**Try it**. Please find every line in the records below that contains the word "times", and copy it.

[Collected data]
★ ★ ★ ★
lemma card_sidon_obstruction_le:
  assumes "finite S"
  shows "card (sidon_obstruction n S) \<le> card S ^ 3 + 2 * card S"
proof -
  have "card ((\<lambda>(a, b, c). (a + b + n - c) mod n) ` (S \<times> S \<times> S)) \<le> card (S \<times> S \<times> S)"
    using assms by (intro card_image_le) simp
  also have "\<dots> = card S ^ 3"
    by (simp add: card_cartesian_product power3_eq_cube)
  finally have sums: "card ((\<lambda>(a, b, c). (a + b + n - c) mod n) ` (S \<times> S \<times> S)) \<le> card S ^ 3" .
  have "card (\<Union>a\<in>S. {w. w < n \<and> (2 * w) mod n = (2 * a) mod n}) \<le>
      (\<Sum>a\<in>S. card {w. w < n \<and> (2 * w) mod n = (2 * a) mod n})"
    using assms by (rule card_UN_le)
  also have "\<dots> \<le> (\<Sum>a\<in>S. 2)"
    by (intro sum_mono card_double_mod_eq_le_2)
  finally have doubles: "card (\<Union>a\<in>S. {w. w < n \<and> (2 * w) mod n = (2 * a) mod n}) \<le> 2 * card S"
    by simp
  show ?thesis
    unfolding sidon_obstruction_def using sums doubles card_Un_le by (meson add_mono order_trans)
qed

lemma sidon_obstruction_memberI:
  assumes J: "J \<subseteq> {..<n}" "x \<in> J" "y \<in> J" "z \<in> J" "w \<in> J"
    and rel: "(x + y) mod n = (z + w) mod n"
    and nontrivial: "z \<noteq> w" "\<not> (x = z \<and> y = w)" "\<not> (x = w \<and> y = z)"
  shows "w \<in> sidon_obstruction n (J - {w})"
proof -
  have lt: "x < n" "y < n" "z < n" "w < n"
    using J by auto
  have cancel: "b = c" if "(a + b) mod n = (a + c) mod n" "b < n" "c < n" for a b c :: nat
    using that cong_add_lcancel_nat cong_less_modulus_unique_nat unfolding cong_def by blast
  have "w \<noteq> x" "w \<noteq> y"
    using rel nontrivial lt cancel[of w y z] cancel[of w x z] by (auto simp: add.commute)
  moreover have "w = (x + y + n - z) mod n"
  proof -
    have "x + y + n - z = (x + y) + (n - z)"
      using lt by simp
    then have "(x + y + n - z) mod n = ((x + y) mod n + (n - z)) mod n"
      by (simp only: mod_add_left_eq)
    also have "\<dots> = (z + w + (n - z)) mod n"
      unfolding rel by (simp only: mod_add_left_eq)
    also have "z + w + (n - z) = w + n"
      using lt by simp
    finally show ?thesis
      using lt by simp
  qed
  ultimately show ?thesis
    using J nontrivial(1) unfolding sidon_obstruction_def by force
qed

lemma not_sidon_imp_obstructed:
  assumes J: "J \<subseteq> {..<n}" and "\<not> sidon n J"
  shows "\<exists>w\<in>J. w \<in> sidon_obstruction n (J - {w})"
proof -
  obtain x y z w where xyzw: "x \<in> J" "y \<in> J" "z \<in> J" "w \<in> J"
    and rel: "(x + y) mod n = (z + w) mod n"
    and nontrivial: "\<not> (x = z \<and> y = w)" "\<not> (x = w \<and> y = z)"
    using assms(2) unfolding sidon_def by blast
  consider "z \<noteq> w" | "x \<noteq> y" | "x = y" "z = w"
    by blast
  then show ?thesis
  proof cases
    case 1
    then show ?thesis
      using sidon_obstruction_memberI[OF J xyzw rel 1 nontrivial] xyzw by blast
  next
    case 2
    then have "y \<in> sidon_obstruction n (J - {y})"
      using sidon_obstruction_memberI[OF J xyzw(3,4,1,2) rel[symmetric] 2] nontrivial by blast
    then show ?thesis
      using xyzw by blast
  next
    case 3
    then have "x \<noteq> z" "(2 * x) mod n = (2 * z) mod n"
      using rel nontrivial by (auto simp: mult_2)
    then have "x \<in> sidon_obstruction n (J - {x})"
      using xyzw J unfolding sidon_obstruction_def by auto
    then show ?thesis
      using xyzw by blast
  qed
qed
(* Let $q$, $\Delta$, $A_E\in\mathbb{R}_{\ge0}^{q\times q}$ and $A_V\in\mathbb{R}_{\ge0}^q$ be constants. Then there is a constant $b=b_{q,\Delta,A_E,A_V}>0$ such that for every graph $G$ of maximum degree $\Delta$, every permissive spin system $(G,q,A_E,A_V)$ is $b$-marginally bounded.
   Context: A spin system $(G,q,A_E,A_V)$ on $G=(V,E)$ assigns to $\sigma\in[q]^V$ the weight $w(\sigma)=\prod_{\{u,v\}\in E}A_E(\sigma(u),\sigma(v))\prod_{v\in V}A_V(\sigma(v))$, with Gibbs distribution $\mu\propto w$. For $\Lambda\subseteq V$ and any (possibly infeasible) $\sigma\in[q]^\Lambda$, let $w^\sigma(\tau)=\mathbf 1[\tau|_\Lambda=\sigma]\prod_{v\notin\Lambda}A_V(\tau(v))\prod_{\{u,v\}\in E,u\notin\Lambda,v\in\Lambda}A_E(\tau(u),\sigma(v))\prod_{\{u,v\}\in E,u,v\notin\Lambda}A_E(\tau(u),\tau(v))$ for $\tau\in[q]^V$, $Z^\sigma=\sum_\tau w^\sigma(\tau)$ and $\mu^\sigma=w^\sigma/Z^\sigma$. The system is permissive if $Z^\sigma>0$ for all $\Lambda\subseteq V$ and $\sigma\in[q]^\Lambda$. Let $\mu^\sigma_v$ be the marginal of $\mu^\sigma$ at $v$. The system is $b$-marginally bounded if for every $\Lambda\subseteq V$, $\sigma\in[q]^\Lambda$, $v\notin\Lambda$ and $c\in[q]$ with $\mu^\sigma_v(c)>0$, one has $\mu^\sigma_v(c)\ge b$. *)

theory Defs
  imports Complex_Main "HOL-Library.FuncSet"
begin

text \<open>Graphs: a finite vertex set V (vertices are naturals) and a set E of edges,
  each unordered edge {u,v} being represented by exactly one orientation (u,v).
  Spins are 0..q-1 (i.e. [q] shifted). The edge interaction of an edge (u,v) is
  A_E(spin u, spin v); for symmetric A_E the orientation is irrelevant.\<close>

definition simple_graph :: "nat set \<Rightarrow> (nat \<times> nat) set \<Rightarrow> bool" where
  "simple_graph V E \<longleftrightarrow> finite V \<and> E \<subseteq> V \<times> V \<and>
     (\<forall>u v. (u, v) \<in> E \<longrightarrow> u \<noteq> v \<and> (v, u) \<notin> E)"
★ ★ ★ ★
**Result of the task**.
  have "card ((\<lambda>(a, b, c). (a + b + n - c) mod n) ` (S \<times> S \<times> S)) \<le> card (S \<times> S \<times> S)"
  finally have sums: "card ((\<lambda>(a, b, c). (a + b + n - c) mod n) ` (S \<times> S \<times> S)) \<le> card S ^ 3" .
(* Let $q$, $\Delta$, $A_E\in\mathbb{R}_{\ge0}^{q\times q}$ and $A_V\in\mathbb{R}_{\ge0}^q$ be constants. Then there is a constant $b=b_{q,\Delta,A_E,A_V}>0$ such that for every graph $G$ of maximum degree $\Delta$, every permissive spin system $(G,q,A_E,A_V)$ is $b$-marginally bounded.
definition simple_graph :: "nat set \<Rightarrow> (nat \<times> nat) set \<Rightarrow> bool" where
  "simple_graph V E \<longleftrightarrow> finite V \<and> E \<subseteq> V \<times> V \<and>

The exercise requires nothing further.